- _Problem_:
The reply should be an exact transcription of every record.

++++ Data extracts ++++

lemma locating_on_shift_right:
  assumes C: "locating_dominating (path_vertices m \<times> path_vertices n) (cart_adj path_adj path_adj) C"
  shows "locating_on (shift_right C) ({0..<m} \<times> {1..n})"
proof -
  let ?V = "path_vertices m \<times> path_vertices n"
  have near_iff: "w \<in> closed_nbhd ?V (cart_adj path_adj path_adj) v \<longleftrightarrow> grid_near v w"
    if "w \<in> C" for v w
    using that C unfolding closed_nbhd_grid locating_dominating_def by auto
  have inner: "\<exists>i k. u = (i, Suc k) \<and> (i, k) \<in> ?V \<and> (i, k) \<notin> C"
    if u: "u \<in> {0..<m} \<times> {1..n}" "u \<notin> shift_right C" for u
  proof -
    obtain i k where "u = (i, Suc k)" "i < m" "k < n"
      using u by (cases u) (auto dest!: Suc_le_D)
    then show ?thesis
      using u by (auto simp: path_vertices_def)
  qed
  show ?thesis
    unfolding locating_on_def
  proof (intro conjI ballI impI)
    fix u assume "u \<in> {0..<m} \<times> {1..n}" "u \<notin> shift_right C"
    then obtain i k where "u = (i, Suc k)" "(i, k) \<in> ?V" "(i, k) \<notin> C"
      using inner by blast
    then obtain w where "w \<in> C" "w \<in> closed_nbhd ?V (cart_adj path_adj path_adj) (i, k)"
      using locating_dominating_dominates[OF C] by blast
    then obtain a b where "(a, b) \<in> C" "grid_near (i, k) (a, b)"
      using near_iff by (cases w) blast
    then show "\<exists>q \<in> shift_right C. grid_near u q"
      using \<open>u = (i, Suc k)\<close> by (intro bexI[of _ "(a, Suc b)"]) auto
  next
    fix u v assume "u \<in> {0..<m} \<times> {1..n}" "u \<notin> shift_right C"
      and "v \<in> {0..<m} \<times> {1..n}" "v \<notin> shift_right C" and "u \<noteq> v"
    then obtain i k i' k' where "u = (i, Suc k)" "(i, k) \<in> ?V" "(i, k) \<notin> C"
      and "v = (i', Suc k')" "(i', k') \<in> ?V" "(i', k') \<notin> C"
      using inner by blast
    moreover have "(i, k) \<noteq> (i', k')"
      using \<open>u \<noteq> v\<close> \<open>u = (i, Suc k)\<close> \<open>v = (i', Suc k')\<close> by simp
    ultimately obtain w where "w \<in> C" and
      "(w \<in> closed_nbhd ?V (cart_adj path_adj path_adj) (i, k)) \<noteq>
        (w \<in> closed_nbhd ?V (cart_adj path_adj path_adj) (i', k'))"
      using locating_dominating_separates[OF C] by blast
    then obtain a b where "(a, b) \<in> C" "grid_near (i, k) (a, b) \<noteq> grid_near (i', k') (a, b)"
      using near_iff by (cases w) blast
    then show "\<exists>q \<in> shift_right C. grid_near u q \<noteq> grid_near v q"
      using \<open>u = (i, Suc k)\<close> \<open>v = (i', Suc k')\<close> by (intro bexI[of _ "(a, Suc b)"]) auto
  qed
qed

++++

- _Completed task_:
lemma locating_on_shift_right:
  assumes C: "locating_dominating (path_vertices m \<times> path_vertices n) (cart_adj path_adj path_adj) C"
  shows "locating_on (shift_right C) ({0..<m} \<times> {1..n})"
proof -
  let ?V = "path_vertices m \<times> path_vertices n"
  have near_iff: "w \<in> closed_nbhd ?V (cart_adj path_adj path_adj) v \<longleftrightarrow> grid_near v w"
    if "w \<in> C" for v w
    using that C unfolding closed_nbhd_grid locating_dominating_def by auto
  have inner: "\<exists>i k. u = (i, Suc k) \<and> (i, k) \<in> ?V \<and> (i, k) \<notin> C"
    if u: "u \<in> {0..<m} \<times> {1..n}" "u \<notin> shift_right C" for u
  proof -
    obtain i k where "u = (i, Suc k)" "i < m" "k < n"
      using u by (cases u) (auto dest!: Suc_le_D)
    then show ?thesis
      using u by (auto simp: path_vertices_def)
  qed
  show ?thesis
    unfolding locating_on_def
  proof (intro conjI ballI impI)
    fix u assume "u \<in> {0..<m} \<times> {1..n}" "u \<notin> shift_right C"
    then obtain i k where "u = (i, Suc k)" "(i, k) \<in> ?V" "(i, k) \<notin> C"
      using inner by blast
    then obtain w where "w \<in> C" "w \<in> closed_nbhd ?V (cart_adj path_adj path_adj) (i, k)"
      using locating_dominating_dominates[OF C] by blast
    then obtain a b where "(a, b) \<in> C" "grid_near (i, k) (a, b)"
      using near_iff by (cases w) blast
    then show "\<exists>q \<in> shift_right C. grid_near u q"
      using \<open>u = (i, Suc k)\<close> by (intro bexI[of _ "(a, Suc b)"]) auto
  next
    fix u v assume "u \<in> {0..<m} \<times> {1..n}" "u \<notin> shift_right C"
      and "v \<in> {0..<m} \<times> {1..n}" "v \<notin> shift_right C" and "u \<noteq> v"
    then obtain i k i' k' where "u = (i, Suc k)" "(i, k) \<in> ?V" "(i, k) \<notin> C"
      and "v = (i', Suc k')" "(i', k') \<in> ?V" "(i', k') \<notin> C"
      using inner by blast
    moreover have "(i, k) \<noteq> (i', k')"
      using \<open>u \<noteq> v\<close> \<open>u = (i, Suc k)\<close> \<open>v = (i', Suc k')\<close> by simp
    ultimately obtain w where "w \<in> C" and
      "(w \<in> closed_nbhd ?V (cart_adj path_adj path_adj) (i, k)) \<noteq>
        (w \<in> closed_nbhd ?V (cart_adj path_adj path_adj) (i', k'))"
      using locating_dominating_separates[OF C] by blast
    then obtain a b where "(a, b) \<in> C" "grid_near (i, k) (a, b) \<noteq> grid_near (i', k') (a, b)"
      using near_iff by (cases w) blast
    then show "\<exists>q \<in> shift_right C. grid_near u q \<noteq> grid_near v q"
      using \<open>u = (i, Suc k)\<close> \<open>v = (i', Suc k')\<close> by (intro bexI[of _ "(a, Suc b)"]) auto
  qed
qed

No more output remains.